There is, perhaps, hardly any Pontiff who has governed the Church with more frequent exercises of supreme authority than Pius the Ninth. The creation of Hierarchies, the definition of the Immaculate Conception, the declarations on the Temporal Power, the condemnations in the Encyclical of 1864, manifest, in a singular degree, the plenitude of his supreme office as the Ruler and Doctor of the Universal Church. Nevertheless there is, perhaps, no Pontiff who has united the whole episcopate so closely to himself, or has called them so often to his side. In 1854 the bishops were invited to assist at the declaration of the dogma, for which the whole Church had so long waited with desire. Two hundred and fifty assembled about his throne in witness of the faith of the Universal Church in the Immaculate Conception of our Blessed Mother; and bore home to their flocks the pious belief of their hearts as an article of faith defined by the Vicar of her Divine Son.

Again, in 1862, when the conflict of the temporal power was at itshighest, Pius the Ninth proclaimed the canonisation of the martyrs of Japan, and invited the bishops once more to Rome. About two hundred bishops obeyed his bidding, and, in words never to be forgotten, united themselves to him in the conflict he had so long sustained for the rights and liberties of the Holy See; which are the rights and liberties of the Universal Church.

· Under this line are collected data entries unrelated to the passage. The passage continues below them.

definition CZCP :: "nat \<Rightarrow> nat \<Rightarrow> cseq \<Rightarrow> cseq \<Rightarrow> bool" where
  "CZCP N Z a b \<longleftrightarrow> length a = N \<and> length b = N \<and>
     (\<forall>tau::int. nat \<bar>tau\<bar> \<in> {1..Z} \<union> {N - Z..N - 1} \<longrightarrow> aacorr a tau + aacorr b tau = 0) \<and>
     (\<forall>tau::int. nat \<bar>tau\<bar> \<in> {N - Z..N - 1} \<longrightarrow> acorr a b tau + acorr b a tau = 0)"

definition half_sum :: "cseq \<Rightarrow> cseq \<Rightarrow> cseq" where
  "half_sum a b = map (\<lambda>(x, y). (x + y) / 2) (zip a b)"

definition half_diff :: "cseq \<Rightarrow> cseq \<Rightarrow> cseq" where
  "half_diff b a = map (\<lambda>(x, y). (x - y) / 2) (zip b a)"

definition vadd :: "cseq \<Rightarrow> cseq \<Rightarrow> cseq" where
  "vadd u v = map (\<lambda>(x, y). x + y) (zip u v)"

definition vsub :: "cseq \<Rightarrow> cseq \<Rightarrow> cseq" where
  "vsub u v = map (\<lambda>(x, y). x - y) (zip u v)"

definition kron :: "cseq \<Rightarrow> cseq \<Rightarrow> cseq" where
  "kron u v = concat (map (\<lambda>x. map (\<lambda>y. x * y) v) u)"

definition turyn :: "cseq \<times> cseq \<Rightarrow> cseq \<times> cseq \<Rightarrow> cseq \<times> cseq" where
  "turyn A B = (let (a, b) = A; (c, d) = B in
     (vsub (kron c (half_sum a b)) (kron (rev d) (half_diff b a)),
      vadd (kron d (half_sum a b)) (kron (rev c) (half_diff b a))))"

definition K2 :: "cseq \<times> cseq" where
  "K2 = ([1, 1], [1, -1])"

definition K10 :: "cseq \<times> cseq" where
  "K10 = ([1, 1, -1, 1, -1, 1, -1, -1, 1, 1], [1, 1, -1, 1, 1, 1, 1, 1, -1, -1])"

definition K26 :: "cseq \<times> cseq" where
  "K26 = ([1, 1, 1, 1, -1, 1, 1, -1, -1, 1, -1, 1, -1, 1, -1, -1, 1, -1, 1, 1, 1, -1, -1, 1, 1, 1],
          [1, 1, 1, 1, -1, 1, 1, -1, -1, 1, -1, 1, 1, 1, 1, 1, -1, 1, -1, -1, -1, 1, 1, -1, -1, -1])"

definition turyn_rec :: "(cseq \<times> cseq) list \<Rightarrow> cseq \<times> cseq" where
  "turyn_rec ks = foldl (\<lambda>P A. turyn A P) K2 ks"

end

theory Submission
  imports Defs "HOL-Computational_Algebra.Polynomial"
begin

text \<open>Identify a sequence \<open>u\<close> with the polynomial \<open>\<Sum>i. u\<^sub>i X\<^sup>i\<close>. The aperiodic correlations of
  \<open>u\<close> and \<open>v\<close> are then the coefficients of \<open>u(X) v\<^sup>*(X)\<close>, where \<open>v\<^sup>*\<close> is the conjugated reversal,
  and a real pair \<open>(a, b)\<close> of length \<open>n\<close> is a Golay pair iff \<open>a a\<^sup>* + b b\<^sup>* = 2n X\<^sup>n\<^sup>-\<^sup>1\<close>.
  Turyn's construction multiplies two such identities, so the recursive construction yields a real
  Golay pair \<open>(a, b)\<close> of length \<open>N\<close>. Since the previous pair supplies the block pattern of the next
  one, \<open>(a, b)\<close> also inherits the shape of \<open>K\<^sub>2 = (++, +-)\<close>: \<open>a\<close> agrees with \<open>b\<close> on its first half and
  is its negative on the second half.

  Below the top degree, the sum of the autocorrelation polynomials of \<open>g\<close> and \<open>h\<close> is
  \<open>2 x\<^sub>0 X (b - a)\<close> plus the Golay identity shifted to degree \<open>2N + 1\<close> (the shift 0), and \<open>b - a\<close>
  lives on the second half; the sum of the cross-correlation polynomials is \<open>X\<^sup>2 (b\<^sup>2 - a\<^sup>2)\<close> in
  degrees up to \<open>N\<close>, which vanishes as long as only first halves are involved.\<close>

lemma kron_Nil [simp]: "kron [] v = []"
  by (simp add: kron_def)

lemma kron_Cons: "kron (x # u) v = map ((*) x) v @ kron u v"
  by (simp add: kron_def)

lemma kron_append: "kron (u @ w) v = kron u v @ kron w v"
  by (simp add: kron_def)

lemma length_kron [simp]: "length (kron u v) = length u * length v"
  by (induction u) (simp_all add: kron_Cons)

lemma rev_kron: "rev (kron u v) = kron (rev u) (rev v)"
  by (induction u) (simp_all add: kron_Cons kron_append rev_map)

lemma map_cnj_kron: "map cnj (kron u v) = kron (map cnj u) (map cnj v)"
  by (induction u) (simp_all add: kron_Cons)

lemma nth_kron:
  assumes "i < length u * length v"
  shows "kron u v ! i = u ! (i div length v) * v ! (i mod length v)"
  using assms
proof (induction u arbitrary: i)
  case (Cons x u)
  show ?case
  proof (cases "i < length v")
    case False
    then have "i - length v < length u * length v" and v: "0 < length v"
      using Cons.prems by auto
    moreover have "i div length v = Suc ((i - length v) div length v)"
      using le_div_geq[OF v] False by simp
    moreover have "(i - length v) mod length v = i mod length v"
      using False by (simp add: le_mod_geq)
    ultimately show ?thesis
      using False Cons.IH by (simp add: kron_Cons nth_append)
  qed (simp add: kron_Cons nth_append)
qed simp

lemma pcompose_monom_monom:
  "pcompose (monom c k) (monom (1::'a::comm_ring_1) n) = monom c (k * n)"
proof (induction k)
  case (Suc k)
  have "pcompose (monom c (Suc k)) (monom 1 n) = monom 1 n * monom c (k * n)"
    by (simp add: monom_Suc pcompose_pCons Suc)
  then show ?case
    by (simp add: mult_monom add.commute)
qed (simp add: monom_0)

lemma Poly_kron: "Poly (kron u v) = pcompose (Poly u) (monom 1 (length v)) * Poly v"
  by (induction u) (simp_all add: kron_Cons Poly_append Poly_map pcompose_pCons algebra_simps)

lemma length_elementwise [simp]:
  "length (vadd u v) = min (length u) (length v)"
  "length (vsub u v) = min (length u) (length v)"
  "length (half_sum u v) = min (length u) (length v)"
  "length (half_diff u v) = min (length u) (length v)"
  by (simp_all add: vadd_def vsub_def half_sum_def half_diff_def)

lemma nth_elementwise:
  assumes "i < length u" "i < length v"
  shows "vadd u v ! i = u ! i + v ! i"
    and "vsub u v ! i = u ! i - v ! i"
    and "half_sum u v ! i = (u ! i + v ! i) / 2"
    and "half_diff u v ! i = (u ! i - v ! i) / 2"
  using assms by (simp_all add: vadd_def vsub_def half_sum_def half_diff_def)

lemma rev_elementwise:
  assumes "length u = length v"
  shows "rev (vadd u v) = vadd (rev u) (rev v)"
    and "rev (vsub u v) = vsub (rev u) (rev v)"
    and "rev (half_sum u v) = half_sum (rev u) (rev v)"
    and "rev (half_diff u v) = half_diff (rev u) (rev v)"
  using assms by (simp_all add: vadd_def vsub_def half_sum_def half_diff_def zip_rev rev_map)

lemma map_cnj_elementwise:
  "map cnj (vadd u v) = vadd (map cnj u) (map cnj v)"
  "map cnj (vsub u v) = vsub (map cnj u) (map cnj v)"
  "map cnj (half_sum u v) = half_sum (map cnj u) (map cnj v)"
  "map cnj (half_diff u v) = half_diff (map cnj u) (map cnj v)"
  by (simp_all add: vadd_def vsub_def half_sum_def half_diff_def zip_map1 zip_map2 split_def)

lemma Poly_elementwise:
  assumes "length u = length v"
  shows "Poly (vadd u v) = Poly u + Poly v"
    and "Poly (vsub u v) = Poly u - Poly v"
    and "Poly (half_sum u v) = smult (1/2) (Poly u + Poly v)"
    and "Poly (half_diff u v) = smult (1/2) (Poly u - Poly v)"
  using assms
  by (induction u v rule: list_induct2)
     (simp_all add: vadd_def vsub_def half_sum_def half_diff_def add_divide_distrib diff_divide_distrib)

lemma length_turyn:
  assumes "length a = length b" "length c = length d" "turyn (a, b) (c, d) = (e, f)"
  shows "length e = length c * length a" and "length f = length c * length a"
  using assms by (auto simp: turyn_def)

lemma nth_turyn:
  assumes "length a = length b" "length c = length d" "turyn (a, b) (c, d) = (e, f)"
    and "i < length c * length a"
  defines "k \<equiv> i div length a" and "j \<equiv> i mod length a"
  shows "e ! i = c ! k * ((a ! j + b ! j) / 2) - d ! (length c - 1 - k) * ((b ! j - a ! j) / 2)"
    and "f ! i = d ! k * ((a ! j + b ! j) / 2) + c ! (length c - 1 - k) * ((b ! j - a ! j) / 2)"
    and "k < length c"
proof -
  show k: "k < length c"
    using assms(4) by (simp add: k_def less_mult_imp_div_less)
  have j: "j < length a"
    using assms(4) by (cases "length a") (simp_all add: j_def)
  have "e = vsub (kron c (half_sum a b)) (kron (rev d) (half_diff b a))"
    and "f = vadd (kron d (half_sum a b)) (kron (rev c) (half_diff b a))"
    using assms(3) by (auto simp: turyn_def)
  then show "e ! i = c ! k * ((a ! j + b ! j) / 2) - d ! (length c - 1 - k) * ((b ! j - a ! j) / 2)"
    and "f ! i = d ! k * ((a ! j + b ! j) / 2) + c ! (length c - 1 - k) * ((b ! j - a ! j) / 2)"
    using assms(1,2,4) k j unfolding k_def j_def
    by (simp_all add: nth_elementwise nth_kron rev_nth)
qed

lemma Poly_turyn:
  assumes "length a = length b" "length c = length d" "turyn (a, b) (c, d) = (e, f)"
  defines "W \<equiv> monom 1 (length a)" and "s \<equiv> half_sum a b" and "t \<equiv> half_diff b a"
  shows "Poly e = pcompose (Poly c) W * Poly s - pcompose (Poly (rev d)) W * Poly t"
    and "Poly f = pcompose (Poly d) W * Poly s + pcompose (Poly (rev c)) W * Poly t"
    and "Poly (rev e) = pcompose (Poly (rev c)) W * Poly (rev s) - pcompose (Poly d) W * Poly (rev t)"
    and "Poly (rev f) = pcompose (Poly (rev d)) W * Poly (rev s) + pcompose (Poly c) W * Poly (rev t)"
proof -
  have e: "e = vsub (kron c s) (kron (rev d) t)" and f: "f = vadd (kron d s) (kron (rev c) t)"
    using assms(3) by (auto simp: turyn_def s_def t_def)
  have "length s = length a" "length t = length a"
    using assms(1) by (simp_all add: s_def t_def)
  then show "Poly e = pcompose (Poly c) W * Poly s - pcompose (Poly (rev d)) W * Poly t"
    and "Poly f = pcompose (Poly d) W * Poly s + pcompose (Poly (rev c)) W * Poly t"
    and "Poly (rev e) = pcompose (Poly (rev c)) W * Poly (rev s) - pcompose (Poly d) W * Poly (rev t)"
    and "Poly (rev f) = pcompose (Poly (rev d)) W * Poly (rev s) + pcompose (Poly c) W * Poly (rev t)"
    using assms(2) unfolding e f W_def
    by (simp_all add: Poly_elementwise rev_elementwise rev_kron Poly_kron mult.commute)
qed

And now a third time he has summoned the bishops of the whole world. You will all remember when the intention was first made known. It was when the two years of the Convention were expiring; when all human help was departing from him, and men thought the time was come for the downfal of the temporal power. The French armies were to be withdrawn in December 1866. Then it was that the Holy Father invited the bishops of the world to surround him in Rome in June 1867. Men of the world counted it to be madness. While they were prophesying revolution, anarchy, and I know not what, the Holy Father, with calm confidence in God, began to make preparations for celebrating the Centenary of S. Peter's Martyrdom over the tomb of the Apostle. The event has justified his confidence, and taught a lesson both to the world and to ourselves: to us, that we be more courageous, and to the world, that it be less pretentious in its prophecies. It has manifested, with an evidence which no one has dared to deny, the life and the power of the Catholic Church. We had been listening to daily discourses on the decline and fall of the Church as a power among the nations. At the moment when men were exchanging gifts and congratulations, as they believed, over its dead body, the Head of the Church spoke, and the bishops, literally from the four winds of heaven, assembled round him. It was not a command, it was not even an injunction; it was a simple invitation, an expression of his wish. Five hundred bishops, with a multitude of the priesthood and faithful of the Church, came up from north, south, east, and west, over land and sea, to the Successor of S. Peter. There were bishops from China, and the far east of Asia; from California, and the far west of America; from the far north of Tartary, and of Canada; from Australia and the islands of the Southern seas. There were present the chief pastors of at least thirty races and nations. No voice but one in all the world could have called together such an assembly—the voice of the successor of Peter, to whom the whole world was committed, of the Vicar of Him to whom 'all power in heaven and on earth is given.'

It is not, then, in the majesty and splendour which meets the eye that the magnitude and grandeur of this event is to be measured. Taken only as a demonstration of moral power, and of the superiority of the moral over the material order of the world, the assembly in Rome at this moment, in the face of all menace of wars and of revolutions, has surely a significance far wider and deeper than any event in our times. More than this: no event, since the last General Council was closed, has manifested so luminously to the intellect, and, I may say, so palpably to the sense, the unity, universality, unanimity, and authority of the only true Church on earth. I am not only bound, but glad, to acknowledge the truthfulness, justice, and candour of those who, though not of the Catholic Church, have written from Rome the description of what they saw. With one or two exceptions, not worthy of notice, their narratives have been honourable, manly, and straightforward. Certainly the late events in Rome ought to awaken in any Christian heart a noble and a generous sympathy. They were an exhibition of the Christian Faith and Church in acts of Divine worship, and of charity to all mankind, divested of every accent of controversy. Whosoever believes in Christianity and desires the spread of the kingdom of our Divine Lord upon earth, must have a sympathy in the great assembly of the Church the other day. Even those who are separated from the Catholic and Roman Church recognise it as the great foundation of Christendom. They who reject parts of its doctrine hold the Creed of the Apostles, which it has guarded from the beginning; they who rest their faith upon Councils, Fathers, and Scriptures, know that the custody of all these is ultimately in the Catholic Church. They who repose their Christianity upon the testimony and facts of history, know that the last and highest witness for the Christian revelation, in its succession and even in its origin, is the Catholic and Roman Church. It is impossible, therefore, that they can look without sympathy upon this majestic demonstration of its indefectible life and immutable identity.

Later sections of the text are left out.